The primary objective of the study was to assess the degree of control of COPD. For this purpose, we created a combined index that included three variables: COPD Assessment Test (CAT), modified Medical Research Council dyspnea scale (mMRC) and number of moderate/severe exacerbations in the previous year. An exacerbation was considered as moderate when it required treatment with systemic corticosteroids and/or antibiotics and as severe when the patient visited a hospital, with emergency room stay of at least 12 h or hospital admission. The assignment of scores to each of these variables is described in Table 1. The degree of control was defined by the sum of scores, establishing the four groups: optimal control (0 points), suboptimal control (1 point), poor control (2 points), and very poor control (3 points). To better summarize the outcomes, patients with optimal or suboptimal control were considered “well controlled” and patients with poor and very poor control were considered “poorly controlled”.
Table 1

Assignment of scores to individual clinical variables

Clinical Variable

Value

Score

mMRC

0,1

0

2,3,4

1

CAT

< 10

0

≥ 10

1

Exacerbations in the previous year

none or one with no hospitalization

0

more than one or one with hospitalization

1

CAT COPD assessment test, mMRC modified Medical Research Council dyspnea scale

In order to assess morning symptoms and the impact of treatment on these symptoms, a patient-reported outcome questionnaire previously validated was used [18]. Patients completed the first part when they woke up at home and the second part, 3 h after the administration of bronchodilator medication, at the doctor’s office. The score for each part varied between 0 and 60; the higher the score, the higher the severity of the morning symptoms. The following variables were also included: age, sex, body mass index, smoking status, comorbidities, time since COPD diagnosis, phenotype as per GesEPOC guidelines (assessed by local investigator), lung function with post-bronchodilator spirometry, treatment for the last 3 months and history of exacerbations in the previous year.
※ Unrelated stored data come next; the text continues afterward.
(* Let $\mathbb{K}$ be a field and $f=a_0(x)+a_1(x)y+\cdots+a_n(x)y^n\in\mathbb{K}[x,y]$ with $n\geq 2$, $a_0,\ldots,a_n\in\mathbb{K}[x]$, $a_0a_n\neq 0$, such that $f$ has no nonconstant factor in $\mathbb{K}[x]$ and $\deg a_n>\max\{\deg a_0,\ldots,\deg a_{n-1}\}$. If $a_n$ is irreducible in $\mathbb{K}[x]$, or if $a_0$ is irreducible in $\mathbb{K}[x]$ and $\deg a_0\geq\deg a_n-\deg q$, where $q\in\mathbb{K}[x]$ is an irreducible factor of $a_n$ of smallest degree, then $f$ is irreducible over $\mathbb{K}[x]$.
   Context: $f$ is regarded as a polynomial in $y$ with coefficients in $\mathbb{K}[x]$; irreducibility over $\mathbb{K}[x]$ means irreducibility in $\mathbb{K}[x][y]$. *)

theory Defs
  imports "HOL-Computational_Algebra.Polynomial_Factorial"
begin

end

theory Submission
  imports Defs
begin

text \<open>
  View \<open>f \<in> K[x][y]\<close> through its part of top \<open>x\<close>-degree: if \<open>d\<close> is the largest
  \<open>x\<close>-degree of a coefficient of \<open>f\<close>, collecting the \<open>x\<^sup>d\<close>-coefficients gives a
  polynomial in \<open>K[y]\<close>, and this construction is multiplicative. The degree
  hypothesis says that the top part of \<open>f\<close> is the monomial \<open>c y\<^sup>n\<close>; since a
  monomial only factors into monomials, the same holds for every factor of \<open>f\<close>.
  Hence in a nontrivial factorisation \<open>f = g h\<close> (both factors of positive
  \<open>y\<close>-degree, as \<open>f\<close> is primitive) we get \<open>a\<^sub>n = b c\<close> and \<open>a\<^sub>0 = b\<^sub>0 c\<^sub>0\<close>
  with \<open>deg b\<^sub>0 < deg b\<close> and \<open>deg c\<^sub>0 < deg c\<close>, which each of the two
  hypotheses rules out by a degree count.
\<close>

(* The coefficients of g are polynomials in the inner variable x, and g is a polynomial
   in y over them; inner_degree g is the x-degree of g. *)
definition inner_degree :: "'a::zero poly poly \<Rightarrow> nat" where
  "inner_degree g = (MAX i\<in>{..degree g}. degree (coeff g i))"

definition inner_top :: "'a::zero poly poly \<Rightarrow> 'a poly" where
  "inner_top g = map_poly (\<lambda>p. coeff p (inner_degree g)) g"

lemma degree_coeff_le_inner_degree: "degree (coeff g i) \<le> inner_degree g"
proof (cases "i \<le> degree g")
  case True
  then show ?thesis unfolding inner_degree_def by (intro Max_ge) auto
next
  case False
  then show ?thesis by (simp add: coeff_eq_0)
qed

lemma inner_degree_attained:
  assumes "g \<noteq> 0"
  obtains i where "coeff g i \<noteq> 0" "degree (coeff g i) = inner_degree g"
proof -
  have "inner_degree g \<in> (\<lambda>i. degree (coeff g i)) ` {..degree g}"
    unfolding inner_degree_def by (intro Max_in) auto
  then obtain i where i: "degree (coeff g i) = inner_degree g" by auto
  show thesis
  proof (cases "coeff g i = 0")
    case True
    then have "degree (lead_coeff g) = inner_degree g"
      using i degree_coeff_le_inner_degree[of g "degree g"] by simp
    then show thesis using that[of "degree g"] assms by simp
  qed (use i that in blast)
qed

lemma coeff_inner_top: "coeff (inner_top g) i = coeff (coeff g i) (inner_degree g)"
  unfolding inner_top_def by (simp add: coeff_map_poly)

lemma inner_top_eq_0_iff [simp]: "inner_top g = 0 \<longleftrightarrow> g = 0"
proof
  assume "inner_top g = 0"
  show "g = 0"
  proof (rule ccontr)
    assume "g \<noteq> 0"
    then obtain i where "coeff g i \<noteq> 0" "degree (coeff g i) = inner_degree g"
      by (rule inner_degree_attained)
    then have "coeff (inner_top g) i \<noteq> 0" by (metis coeff_inner_top leading_coeff_0_iff)
    with \<open>inner_top g = 0\<close> show False by simp
  qed
qed (simp add: inner_top_def)

lemma degree_inner_top_le: "degree (inner_top g) \<le> degree g"
  unfolding inner_top_def by (rule map_poly_degree_leq)

lemma coeff_mult_at_degree_bounds:
  fixes p q :: "'a::idom poly"
  assumes "degree p \<le> m" "degree q \<le> n"
  shows "coeff (p * q) (m + n) = coeff p m * coeff q n"
proof (cases "degree p = m \<and> degree q = n")
  case True
  then show ?thesis using coeff_mult_degree_sum[of p q] by simp
next
  case False
  then have "degree p < m \<or> degree q < n" using assms by auto
  moreover have "degree (p * q) < m + n"
    using calculation assms degree_mult_le[of p q] by linarith
  ultimately show ?thesis by (auto simp: coeff_eq_0)
qed

lemma inner_top_mult:
  fixes g h :: "'a::idom poly poly"
  shows "inner_top (g * h) = inner_top g * inner_top h"
proof (cases "g = 0 \<or> h = 0")
  case False
  define d where "d = inner_degree g + inner_degree h"
  have top: "coeff (coeff (g * h) k) d = coeff (inner_top g * inner_top h) k" for k
  proof -
    have "coeff (coeff (g * h) k) d = (\<Sum>i\<le>k. coeff (coeff g i * coeff h (k - i)) d)"
      by (simp add: coeff_mult coeff_sum)
    also have "\<dots> = (\<Sum>i\<le>k. coeff (inner_top g) i * coeff (inner_top h) (k - i))"
      unfolding d_def coeff_inner_top
      by (intro sum.cong refl coeff_mult_at_degree_bounds degree_coeff_le_inner_degree)
    finally show ?thesis by (simp add: coeff_mult)
  qed
  have "degree (coeff (g * h) k) \<le> d" for k
  proof -
    have "degree (coeff g i * coeff h (k - i)) \<le> d" for i
      unfolding d_def
      by (meson add_mono degree_coeff_le_inner_degree degree_mult_le order_trans)
    then show ?thesis by (simp add: coeff_mult degree_sum_le)
  qed
  moreover have "inner_top g * inner_top h \<noteq> 0" using False by simp
  then obtain k where "coeff (coeff (g * h) k) d \<noteq> 0"
    using top by (metis leading_coeff_0_iff)
  then have "d \<le> inner_degree (g * h)"
    using le_degree degree_coeff_le_inner_degree order_trans by blast
  ultimately have "inner_degree (g * h) = d"
    using inner_degree_attained[of "g * h"] False by (metis le_antisym mult_eq_0_iff)
  then show ?thesis by (intro poly_eqI) (simp add: coeff_inner_top top)
qed (auto simp: inner_top_def)

lemma factor_of_monom_is_monom:
  fixes p q :: "'a::idom poly"
  assumes "p * q = monom c n" "c \<noteq> 0" "i \<noteq> degree p"
  shows "coeff p i = 0"
proof -
  have p: "p \<noteq> 0" and q: "q \<noteq> 0" using assms by auto
  have "order 0 p + order 0 q = degree p + degree q"
    using assms order_mult[of p q 0] degree_mult_eq[OF p q] by (simp add: degree_monom_eq)
  moreover have "order 0 p \<le> degree p" "order 0 q \<le> degree q"
    using p q by (simp_all add: order_degree)
  ultimately have "degree p \<le> order 0 p" by linarith
  then have "\<forall>k<degree p. coeff p k = 0"
    using monom_1_dvd_iff[OF p] monom_1_dvd_iff' by blast
  then show ?thesis using assms(3) by (metis coeff_eq_0 linorder_neqE_nat)
qed

definition dominant_lead_coeff :: "'a::zero poly poly \<Rightarrow> bool" where
  "dominant_lead_coeff g \<longleftrightarrow>
     (\<forall>i<degree g. coeff g i = 0 \<or> degree (coeff g i) < degree (lead_coeff g))"

lemma dominant_lead_coeff_iff_inner_top:
  fixes g :: "'a::zero poly poly"
  assumes "g \<noteq> 0"
  shows "dominant_lead_coeff g \<longleftrightarrow> (\<forall>i. i \<noteq> degree g \<longrightarrow> coeff (inner_top g) i = 0)"
proof
  assume dom: "dominant_lead_coeff g"
  have "degree (coeff g i) \<le> degree (lead_coeff g)" for i
    using dom unfolding dominant_lead_coeff_def
    by (metis coeff_eq_0 degree_0 le_eq_less_or_eq linorder_neqE_nat zero_le)
  moreover obtain j where "degree (coeff g j) = inner_degree g"
    using inner_degree_attained[OF assms] by blast
  ultimately have top: "inner_degree g = degree (lead_coeff g)"
    by (metis degree_coeff_le_inner_degree le_antisym)
  show "\<forall>i. i \<noteq> degree g \<longrightarrow> coeff (inner_top g) i = 0"
    using dom unfolding dominant_lead_coeff_def coeff_inner_top top
    by (metis coeff_0 coeff_eq_0 linorder_neqE_nat)
next
  assume mono: "\<forall>i. i \<noteq> degree g \<longrightarrow> coeff (inner_top g) i = 0"
  have "coeff (inner_top g) (degree g) \<noteq> 0"
  proof
    assume "coeff (inner_top g) (degree g) = 0"
    with mono have "inner_top g = 0" by (metis coeff_0 poly_eqI)
    with assms show False by simp
  qed
  then have "inner_degree g \<le> degree (lead_coeff g)"
    by (simp add: coeff_inner_top le_degree)
  then have top: "inner_degree g = degree (lead_coeff g)"
    by (simp add: degree_coeff_le_inner_degree le_antisym)
  show "dominant_lead_coeff g"
    unfolding dominant_lead_coeff_def
  proof (intro allI impI)
    fix i assume "i < degree g"
    with mono have "coeff (coeff g i) (degree (lead_coeff g)) = 0"
      by (simp add: coeff_inner_top flip: top)
    then show "coeff g i = 0 \<or> degree (coeff g i) < degree (lead_coeff g)"
      using degree_coeff_le_inner_degree[of g i] top
      by (metis le_neq_implies_less leading_coeff_0_iff)
  qed
qed

lemma dominant_lead_coeff_factor:
  fixes g h :: "'a::idom poly poly"
  assumes dom: "dominant_lead_coeff (g * h)" and gh: "g * h \<noteq> 0"
  shows "dominant_lead_coeff g"
proof -
  have g: "g \<noteq> 0" and h: "h \<noteq> 0" using gh by auto
  let ?c = "coeff (inner_top (g * h)) (degree (g * h))"
  have "inner_top (g * h) = monom ?c (degree (g * h))"
    using dom gh by (intro poly_eqI) (auto simp: dominant_lead_coeff_iff_inner_top coeff_monom)
  moreover have "?c \<noteq> 0"
    using calculation gh by (metis inner_top_eq_0_iff monom_eq_0_iff)
  ultimately have "inner_top g * inner_top h = monom ?c (degree (g * h))"
    by (simp add: inner_top_mult)
  then have "coeff (inner_top g) i = 0" if "i \<noteq> degree (inner_top g)" for i
    using factor_of_monom_is_monom \<open>?c \<noteq> 0\<close> that by blast
  moreover have "degree (inner_top g) = degree g"
  proof -
    have "degree (inner_top g) + degree (inner_top h) = degree g + degree h"
      using \<open>inner_top g * inner_top h = _\<close> \<open>?c \<noteq> 0\<close> g h
      by (metis degree_monom_eq degree_mult_eq inner_top_eq_0_iff)
    then show ?thesis
      using degree_inner_top_le[of g] degree_inner_top_le[of h] by linarith
  qed
  ultimately show ?thesis using g by (simp add: dominant_lead_coeff_iff_inner_top)
qed

lemma irreducibleI_dominant_lead_coeff:
  fixes f :: "'a::field poly poly"
  assumes "degree f \<noteq> 0" "coeff f 0 \<noteq> 0" "dominant_lead_coeff f"
    and primitive: "\<forall>b :: 'a poly. [:b:] dvd f \<longrightarrow> degree b = 0"
    and no_split: "\<And>b c b\<^sub>0 c\<^sub>0. lead_coeff f = b * c \<Longrightarrow> coeff f 0 = b\<^sub>0 * c\<^sub>0 \<Longrightarrow>
      degree b\<^sub>0 < degree b \<Longrightarrow> degree c\<^sub>0 < degree c \<Longrightarrow> False"
  shows "irreducible f"
proof (rule irreducibleI)
  show f: "f \<noteq> 0" using assms(2) by auto
  show "\<not> is_unit f" using assms(1) by (auto simp: is_unit_poly_iff)
  have positive_degree: "degree g \<noteq> 0" if "g dvd f" "\<not> is_unit g" for g
  proof
    assume "degree g = 0"
    then obtain b where g: "g = [:b:]" by (rule degree_eq_zeroE)
    with that f primitive have "degree b = 0" "b \<noteq> 0" by auto
    with g that(2) show False by (simp add: is_unit_iff_degree is_unit_const_poly_iff)
  qed
  have low_below_lead: "degree (coeff g 0) < degree (lead_coeff g)"
    if "f = g * h" "\<not> is_unit g" for g h
  proof -
    have "dominant_lead_coeff g"
      using that(1) assms(3) f dominant_lead_coeff_factor by blast
    moreover have "coeff g 0 \<noteq> 0" using assms(2) that(1) by (auto simp: coeff_mult_0)
    ultimately show ?thesis
      using positive_degree[OF _ that(2)] that(1) by (auto simp: dominant_lead_coeff_def)
  qed
  fix g h assume gh: "f = g * h"
  show "is_unit g \<or> is_unit h"
  proof (rule ccontr)
    assume "\<not> (is_unit g \<or> is_unit h)"
    have "lead_coeff f = lead_coeff g * lead_coeff h" "coeff f 0 = coeff g 0 * coeff h 0"
      by (simp_all add: gh lead_coeff_mult coeff_mult_0)
    moreover have "degree (coeff g 0) < degree (lead_coeff g)"
      "degree (coeff h 0) < degree (lead_coeff h)"
      using gh low_below_lead[of g h] low_below_lead[of h g] \<open>\<not> (is_unit g \<or> is_unit h)\<close>
      by (auto simp: mult.commute)
    ultimately show False by (rule no_split)
  qed
qed

lemma degree_min_irreducible_divisor_le:
  fixes p q r :: "'a::field poly"
  assumes "p \<noteq> 0" "r dvd p" "\<not> is_unit r"
    and min: "\<forall>s. irreducible s \<and> s dvd p \<longrightarrow> degree q \<le> degree s"
  shows "degree q \<le> degree r"
  using assms(2,3)
proof (induction "degree r" arbitrary: r rule: less_induct)
  case less
  show ?case
  proof (cases "irreducible r")
    case True
    then show ?thesis using less.prems min by blast
  next
    case False
    have "r \<noteq> 0" using assms(1) less.prems(1) by auto
    with False less.prems(2) obtain a b where r: "r = a * b" "\<not> is_unit a" "\<not> is_unit b"
      by (auto simp: irreducible_def)
    then have "a \<noteq> 0" "b \<noteq> 0" using \<open>r \<noteq> 0\<close> by auto
    then have "degree a < degree r"
      using r by (simp add: degree_mult_eq is_unit_iff_degree)
    moreover have "a dvd p" using r(1) less.prems(1) dvd_mult_left by blast
    ultimately have "degree q \<le> degree a" using less.hyps r(2) by blast
    then show ?thesis using \<open>degree a < degree r\<close> by simp
  qed
qed

theorem corollary4:
  fixes f :: "'a::field poly poly" and n :: nat
  assumes deg: "degree f = n" and n2: "n \<ge> 2"
    and nz: "coeff f 0 * coeff f n \<noteq> 0"
    and content: "\<forall>g :: 'a poly. [:g:] dvd f \<longrightarrow> degree g = 0"
    and degs: "\<forall>i<n. degree (coeff f i) < degree (coeff f n)"
    and cases: "irreducible (coeff f n) \<or>
       (irreducible (coeff f 0) \<and>
        (\<exists>q :: 'a poly. irreducible q \<and> q dvd coeff f n \<and>
           (\<forall>r. irreducible r \<and> r dvd coeff f n \<longrightarrow> degree q \<le> degree r) \<and>
           degree (coeff f 0) + degree q \<ge> degree (coeff f n)))"
  shows "irreducible f"
proof (rule irreducibleI_dominant_lead_coeff)
  show "degree f \<noteq> 0" "coeff f 0 \<noteq> 0" using deg n2 nz by auto
  show "dominant_lead_coeff f" using degs deg by (simp add: dominant_lead_coeff_def)
  show "\<forall>b :: 'a poly. [:b:] dvd f \<longrightarrow> degree b = 0" by (rule content)
  fix b c b\<^sub>0 c\<^sub>0
  assume an: "lead_coeff f = b * c" and a0: "coeff f 0 = b\<^sub>0 * c\<^sub>0"
    and "degree b\<^sub>0 < degree b" "degree c\<^sub>0 < degree c"
  moreover have "b \<noteq> 0" "c \<noteq> 0" "b\<^sub>0 \<noteq> 0" "c\<^sub>0 \<noteq> 0" using nz deg an a0 by auto
  ultimately have nonunits: "\<not> is_unit b" "\<not> is_unit c"
    and degrees: "degree (coeff f n) = degree b + degree c"
      "degree (coeff f 0) = degree b\<^sub>0 + degree c\<^sub>0"
    using deg by (auto simp: is_unit_iff_degree degree_mult_eq)
  from cases show False
  proof (elim disjE conjE exE)
    assume "irreducible (coeff f n)"
    then show False using an deg nonunits irreducibleD by blast
  next
    fix q :: "'a poly"
    assume "irreducible (coeff f 0)"
      and min: "\<forall>r. irreducible r \<and> r dvd coeff f n \<longrightarrow> degree q \<le> degree r"
      and "degree (coeff f 0) + degree q \<ge> degree (coeff f n)"
    moreover have "is_unit b\<^sub>0 \<or> is_unit c\<^sub>0" using \<open>irreducible (coeff f 0)\<close> a0 irreducibleD by blast
    moreover have "degree q \<le> degree b" "degree q \<le> degree c"
      using degree_min_irreducible_divisor_le[OF _ _ _ min] nonunits nz an deg by auto
    ultimately show False using degrees \<open>degree b\<^sub>0 < degree b\<close> \<open>degree c\<^sub>0 < degree c\<close>
      by (auto simp: is_unit_iff_degree \<open>b\<^sub>0 \<noteq> 0\<close> \<open>c\<^sub>0 \<noteq> 0\<close>)
  qed
qed

end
All data were collected in a single visit.

Statistical analysis

A sample size of 700 patients was calculated, which corresponded to 0.14% of the total COPD population diagnosed in Spain for a margin of error of ±3.70% [19]. Continuous variables were expressed as mean and 95% confidence interval (CI), and qualitative variables as absolute and relative frequency. Differences in the degree of control per phenotype were analyzed using the chi-square or Fisher’s exact test depending on the sample. The significance level was set to P < 0.05.

Results

A total of 100 PC centers and 33 RC departments participated. Initially, 584 patients were enrolled; 103 patients were excluded as they did not satisfy inclusion/exclusion criteria or did not complete the information required. The analysis sample comprised 481 patients (18.5% female) with a mean (± SD) age of 67 (± 10) years (Table 2). Of the total patients analyzed, 307 and 174 patients were monitored in PC and RC settings, respectively. The mean (± SD) exposure to tobacco was 39.8 (± 22.4) pack-years and 62.8% of patients were former smokers. The mean (± SD) time since COPD diagnosis to the visit was 9.3 (± 7.1) years. The mean (± SD) FEV1 was 59% (± 19%) of the theoretical value, and the mean (± SD) FEV1/FVC ratio was 0.58 (± 0.14). The majority of patients had dyspnea grade 2–4 (moderate-to-very severe) (Fig. 1), both in PC and RC settings. The mean CAT score was 17.0 (95% CI, 16.3–17.8), which was slightly lower in patients from RC departments (PC: 17.9 vs RC: 15.0; P < 0.05). A significant correlation was observed between FEV1 and dyspnea grade (P < 0.0001) (Fig. 2), between dyspnea and CAT score (P < 0.0001) and between FEV1 and CAT score (P = 0.0133) (Fig. 3).
Table 2

Characteristics of patients

Characteristic

Evaluable COPD patients

(N = 481)

Sex, male, n (%)

392 (81.5)

Age, years, mean (SD)

67.7 ± 10.0

Body mass index, kg/m2

27.9 ± 4.6

FEV1, % theoretical

59.4 ± 19.4

FEV1/FVC ratio

0.6 ± 0.2

Current smokers, n (%)

179 (37.2)

Former smokers, n (%)

302 (62.8)

Tobacco exposure, pack-years

39.8 ± 22.4

Time since COPD diagnosis, years

9.3 ± 7.1

Data are presented as mean ± SD unless specified otherwise

COPD Chronic obstructive pulmonary disease, FEV1 forced expiratory volume in 1 s, FVC forced vital capacity, SD standard deviation

Fig. 1
Fig. 1

Percentage of patients according to mMRC scale

mMRC, modified Medical Research Council dyspnea scale

Fig. 2
Fig. 2

Correlation between pulmonary function (FEV1) and dyspnea

FEV1, forced expiratory volume in 1 s; mMRC, modified Medical Research Council dyspnea scale

Fig. 3
Fig. 3

Correlation between CAT and pulmonary function (FEV1)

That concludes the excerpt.